Для атмосферы Даша зажгла индийские свечи, сделанные армянами в кустарных условиях.
Свет она потушила, свечи приятно пахли – сандалом и носками, давно лежавшими под кроватью. Даша ушла делать Болтконскому кофе с кардамоном, а он увидел в бликах самодельной свечи старинное зеркало на стене.
Зеркало было овальным, в простой дубовой раме. Оно мерцало в сумрачном свете.
За много лет оно потеряло былой блеск, амальгама, наверное, стерлась в некоторых местах, и зеркальная поверхность искажала действительность.
Болтконский встал, подошел поближе и увидел свое отражение. Ему в лицо смотрел почти незнакомый человек.
На лице незнакомца появились усы из прошлого, на нем был сюртук инженера путей сообщения, брюки и лакированные ботинки выдавали в нем щеголя, он прищуривал глаза. Рядом с ним стояла женщина в кринолине, с открытыми плечами и копной рыжих волос, собранных в целомудренный пучок. В волосах виден был гребень с перламутром старинной работы. Болтконский видел его где-то совсем недавно, как будто бы минуту назад. Вгляделся пристально и узнал женщину – это была Даша. Она вошла в комнату в джинсах и футболке с надписью «ОК!», в руках ее была щербатая фарфоровая чашка с каким-то гербом. Болтконский сравнил живую Дашу с отражением в зеркале и понял, что видит одно и то же лицо, тот же лик, тот же профиль, та же стать, и поворот головы, и подбородок. Даша поставила чашку на столик, ровно, не сгибая спины, присела, как могут только балерины, и встала рядом с Болтконским. Она не удивилась, видя, как он смотрит в зеркало и даже дальше.

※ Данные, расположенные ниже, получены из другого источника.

(* Let $b \geq 2$ be an integer and let $r$ be an integer with $1 \leq r \leq b$. Let $n_1, n_2, \dots, n_r$ be integers such that $0 \leq n_1 \leq n_2 \leq \dots \leq n_r$. Then $$ \sum_{1 \leq i \leq r} S_b(n_i) + \sum_{1 \leq i \leq r-1} (r-i)\, n_i \leq S_b\left(\sum_{1 \leq i \leq r} n_i\right). $$
   Context: For an integer $b \geq 2$ and a nonnegative integer $n$, $s_b(n)$ denotes the sum of the digits in the base-$b$ expansion of $n$, and $S_b(n) := \sum_{1 \leq j \leq n-1} s_b(j)$ (an empty sum being $0$, so $S_b(0)=S_b(1)=0$). *)

theory Defs
  imports Main
begin

fun digit_sum :: "nat \<Rightarrow> nat \<Rightarrow> nat" where
  "digit_sum b n = (if b < 2 \<or> n = 0 then 0 else n mod b + digit_sum b (n div b))"

declare digit_sum.simps[simp del]

definition S :: "nat \<Rightarrow> nat \<Rightarrow> nat" where
  "S b n = (\<Sum>j = 1..<n. digit_sum b j)"

end

(*
  Pad the sorted n_i with zeros to a non-increasing sequence h_0 >= ... >= h_(b-1),
  h_k = n_(r-k); the claim becomes  sum_k (S(h_k) + k h_k) <= S(sum_k h_k).
  Sorting the j < h by their last digit d gives S(h) = sum_d (S(m_d) + d m_d), where m_d
  is the number of such j. Splitting every h_k in this way and applying induction on
  sum_k h_k to each column (m_d(h_k))_k reduces the claim to sequences Q + tau_d with
  0 <= tau_d <= b, tau non-increasing (Q = 0 covers h_0 <= b).
  Such a tau is a Young diagram in a b x b box. For i < b, the digit sum of Q + i is
  s(Q) + i minus a fixed carry loss from some row k_0 on, so the claim follows from two
  facts about diagrams with a given number of cells inside a box: the content
  sum (d + i) over the cells is largest for the diagram filled row by row, and that
  diagram also has the fewest cells in the rows i >= k_0. The first is proved by
  removing a full row or column, or shrinking the box.
*)
theory Submission
  imports Defs
begin

lemma digit_sum_0 [simp]: "digit_sum b 0 = 0"
  by (simp add: digit_sum.simps)

lemma digit_sum_mult_add:
  assumes "b \<ge> 2" "t < b"
  shows "digit_sum b (b * q + t) = digit_sum b q + t"
proof (cases "b * q + t = 0")
  case False
  then have "digit_sum b (b * q + t) = (b * q + t) mod b + digit_sum b ((b * q + t) div b)"
    using assms by (subst digit_sum.simps) simp
  then show ?thesis
    using assms by simp
qed (use assms in simp)

lemma digit_sum_Suc_le:
  assumes "b \<ge> 2"
  shows "digit_sum b (Suc y) \<le> digit_sum b y + 1"
proof (induction y rule: less_induct)
  case (less y)
  have y: "y = b * (y div b) + y mod b" and ymod: "y mod b < b"
    using assms by simp_all
  show ?case
  proof (cases "Suc (y mod b) < b")
    case True
    have "Suc y = b * (y div b) + Suc (y mod b)"
      using y by simp
    then have "digit_sum b (Suc y) = digit_sum b (y div b) + Suc (y mod b)"
      using digit_sum_mult_add[OF assms True, of "y div b"] by simp
    then show ?thesis
      using digit_sum_mult_add[OF assms ymod, of "y div b"] y by simp
  next
    case False
    then have "y mod b = b - 1"
      using ymod by simp
    then have "Suc y = b * Suc (y div b) + 0" and smaller: "y div b < y"
      using y assms by (simp_all add: algebra_simps)
    then have "digit_sum b (Suc y) = digit_sum b (Suc (y div b))"
      using digit_sum_mult_add[OF assms, of 0 "Suc (y div b)"] assms by simp
    also have "\<dots> \<le> digit_sum b (y div b) + 1"
      using less smaller by blast
    also have "\<dots> \<le> digit_sum b y + 1"
      using digit_sum_mult_add[OF assms ymod, of "y div b"] y by simp
    finally show ?thesis .
  qed
qed

text \<open>Here \<open>k\<^sub>0\<close> is the first \<open>i\<close> at which the last digit of \<open>Q + i\<close> wraps around, and \<open>\<kappa>\<close>
  is the digit sum lost in the resulting carry.\<close>

lemma digit_sum_add_digit:
  assumes "b \<ge> 2"
  obtains \<kappa> k\<^sub>0 where
    "\<And>i. i < b \<Longrightarrow> digit_sum b (Q + i) + \<kappa> * of_bool (k\<^sub>0 \<le> i) = digit_sum b Q + i"
proof
  define a r where "a = Q div b" and "r = Q mod b"
  have Q: "Q = b * a + r" and r: "r < b"
    using assms by (simp_all add: a_def r_def)
  fix i assume i: "i < b"
  show "digit_sum b (Q + i) + (digit_sum b a + b - digit_sum b (Suc a)) * of_bool (b - r \<le> i)
      = digit_sum b Q + i"
  proof (cases "r + i < b")
    case True
    then have "\<not> b - r \<le> i"
      by simp
    then show ?thesis
      using Q digit_sum_mult_add[OF assms True, of a] digit_sum_mult_add[OF assms r, of a]
      by (simp add: add.assoc)
  next
    case False
    then have "Q + i = b * Suc a + (r + i - b)" and "r + i - b < b"
      using Q r i by simp_all
    then have "digit_sum b (Q + i) = digit_sum b (Suc a) + (r + i - b)"
      using digit_sum_mult_add[OF assms] by metis
    moreover have "digit_sum b (Suc a) \<le> digit_sum b a + b"
      using digit_sum_Suc_le[OF assms, of a] assms by simp
    moreover have "b - r \<le> i"
      using False by simp
    ultimately show ?thesis
      using Q digit_sum_mult_add[OF assms r, of a] by simp
  qed
qed

definition triangular :: "nat \<Rightarrow> nat" where
  "triangular n = (\<Sum>i<n. i)"

lemma triangular_0 [simp]: "triangular 0 = 0"
  by (simp add: triangular_def)

lemma triangular_Suc [simp]: "triangular (Suc n) = triangular n + n"
  by (simp add: triangular_def)

lemma triangular_add: "triangular (m + k) = triangular m + triangular k + m * k"
  by (induction k) (simp_all add: algebra_simps)

lemma S_eq_sum_lessThan: "S b n = (\<Sum>j<n. digit_sum b j)"
  by (cases n) (simp_all add: S_def lessThan_atLeast0 sum.atLeast_Suc_lessThan)

lemma S_0 [simp]: "S b 0 = 0"
  by (simp add: S_def)

lemma S_Suc [simp]: "S b (Suc n) = S b n + digit_sum b n"
  by (simp add: S_eq_sum_lessThan)

lemma S_add: "S b (m + k) = S b m + (\<Sum>i<k. digit_sum b (m + i))"
  by (induction k) simp_all

lemma S_mult_base:
  assumes "b \<ge> 2"
  shows "S b (b * q) = b * S b q + q * triangular b"
proof (induction q)
  case (Suc q)
  have "S b (b * Suc q) = S b (b * q) + (\<Sum>i<b. digit_sum b (b * q + i))"
    using S_add[of b "b * q" b] by (simp add: add.commute)
  also have "(\<Sum>i<b. digit_sum b (b * q + i)) = (\<Sum>i<b. digit_sum b q + i)"
    using digit_sum_mult_add[OF assms] by simp
  finally show ?case
    using Suc by (simp add: sum.distrib triangular_def algebra_simps)
qed simp

text \<open>The number of \<open>j < h\<close> with \<open>j mod b = d\<close>, for \<open>d < b\<close>.\<close>

definition residue_count :: "nat \<Rightarrow> nat \<Rightarrow> nat \<Rightarrow> nat" where
  "residue_count b h d = h div b + of_bool (d < h mod b)"

lemma sum_residue_count:
  assumes "b > 0"
  shows "(\<Sum>d<b. residue_count b h d) = h"
proof -
  have "{..<b} \<inter> {d. d < h mod b} = {..<h mod b}"
    using assms by (auto dest: order.strict_trans[OF _ mod_less_divisor])
  then show ?thesis
    by (simp add: residue_count_def sum.distrib)
qed

lemma residue_count_mono:
  assumes "h \<le> h'"
  shows "residue_count b h d \<le> residue_count b h' d"
proof (cases "h div b < h' div b")
  case True
  then show ?thesis
    by (simp add: residue_count_def)
next
  case False
  then have "h div b = h' div b"
    using div_le_mono[OF assms, of b] by simp
  then have "h mod b \<le> h' mod b"
    using assms by (metis add_le_cancel_left div_mult_mod_eq)
  then show ?thesis
    using \<open>h div b = h' div b\<close> by (auto simp: residue_count_def)
qed

lemma residue_count_less:
  assumes "b \<ge> 2" "b < h"
  shows "residue_count b h d < h"
proof -
  have "2 * (h div b) \<le> b * (h div b)"
    using assms(1) by simp
  also have "\<dots> \<le> h"
    by simp
  finally show ?thesis
    using assms by (simp add: residue_count_def)
qed

lemma residue_count_le: "residue_count b h d \<le> h"
proof (cases "d < h mod b")
  case True
  have "h div b + 1 \<le> h div b * b + h mod b"
  proof (cases "b = 0")
    case False
    then have "h div b \<le> h div b * b"
      by simp
    then show ?thesis
      using True by linarith
  qed (use True in simp)
  then show ?thesis
    using True by (simp add: residue_count_def)
qed (simp add: residue_count_def div_le_dividend)

lemma S_eq_sum_residue_count:
  assumes "b \<ge> 2"
  shows "S b h = (\<Sum>d<b. S b (residue_count b h d) + d * residue_count b h d)"
proof -
  define q t where "q = h div b" and "t = h mod b"
  have h: "h = b * q + t" and t: "t < b"
    using assms by (simp_all add: q_def t_def)
  have "(\<Sum>d<b. S b (residue_count b h d) + d * residue_count b h d)
      = (\<Sum>d<b. S b q + q * d + of_bool (d < t) * (digit_sum b q + d))"
    by (rule sum.cong) (auto simp: residue_count_def q_def t_def)
  also have "\<dots> = b * S b q + q * triangular b + (\<Sum>d<t. digit_sum b q + d)"
  proof -
    have "{..<b} \<inter> {d. d < t} = {..<t}"
      using t by auto
    then show ?thesis
      by (simp add: sum.distrib triangular_def sum_distrib_left)
  qed
  also have "\<dots> = S b (b * q) + (\<Sum>i<t. digit_sum b (b * q + i))"
    using t by (simp add: S_mult_base[OF assms] digit_sum_mult_add[OF assms])
  also have "\<dots> = S b h"
    by (simp add: h S_add)
  finally show ?thesis ..
qed

text \<open>For \<open>T \<le> c * c\<close> this is \<open>S c T\<close>, all \<open>x < T\<close> having at most two digits. It is also the
  content (see below) of the diagram whose \<open>T\<close> cells \<open>(x mod c, x div c)\<close> fill rows of width \<open>c\<close>
  one after the other.\<close>

definition two_digit_S :: "nat \<Rightarrow> nat \<Rightarrow> nat" where
  "two_digit_S c T = (\<Sum>x<T. x div c + x mod c)"

lemma two_digit_S_0 [simp]: "two_digit_S c 0 = 0"
  by (simp add: two_digit_S_def)

lemma two_digit_S_le_base:
  assumes "u \<le> c"
  shows "two_digit_S c u = triangular u"
  unfolding two_digit_S_def triangular_def by (rule sum.cong) (use assms in auto)

lemma two_digit_S_add_base:
  assumes "c > 0"
  shows "two_digit_S c (c + k) = triangular c + two_digit_S c k + k"
proof (induction k)
  case 0
  then show ?case
    using two_digit_S_le_base[of c c] by simp
next
  case (Suc k)
  have "(c + k) div c = k div c + 1"
    using assms by (simp add: div_add_self1)
  then show ?case
    using Suc by (simp add: two_digit_S_def)
qed

lemma two_digit_S_closed:
  assumes "u < c"
  shows "two_digit_S c (q * c + u) = c * triangular q + q * triangular c + u * q + triangular u"
proof (induction q)
  case 0
  then show ?case
    using two_digit_S_le_base[of u c] assms by simp
next
  case (Suc q)
  have "two_digit_S c (Suc q * c + u) = two_digit_S c (c + (q * c + u))"
    by (simp add: algebra_simps)
  also have "\<dots> = triangular c + two_digit_S c (q * c + u) + (q * c + u)"
    using two_digit_S_add_base assms by simp
  finally show ?case
    using Suc by (simp add: algebra_simps)
qed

– Это моя прабабка, а это прадед. Это зеркало осталось от них, они жили на Разгуляе, у меня нет ни одной их фотографии. Я иногда смотрю в это зеркало и вижу их, как в немом кино. Говорят, что я похожа на нее, а вот прадед похож на тебя, я сразу тебя узнала, вот только усов у тебя нет, а мне нравятся усы. Ты отпустишь их, когда придешь сюда навсегда, – посмотрела на него смущенно. И он почувствовал, как у него под носом зашевелились несуществующие усы.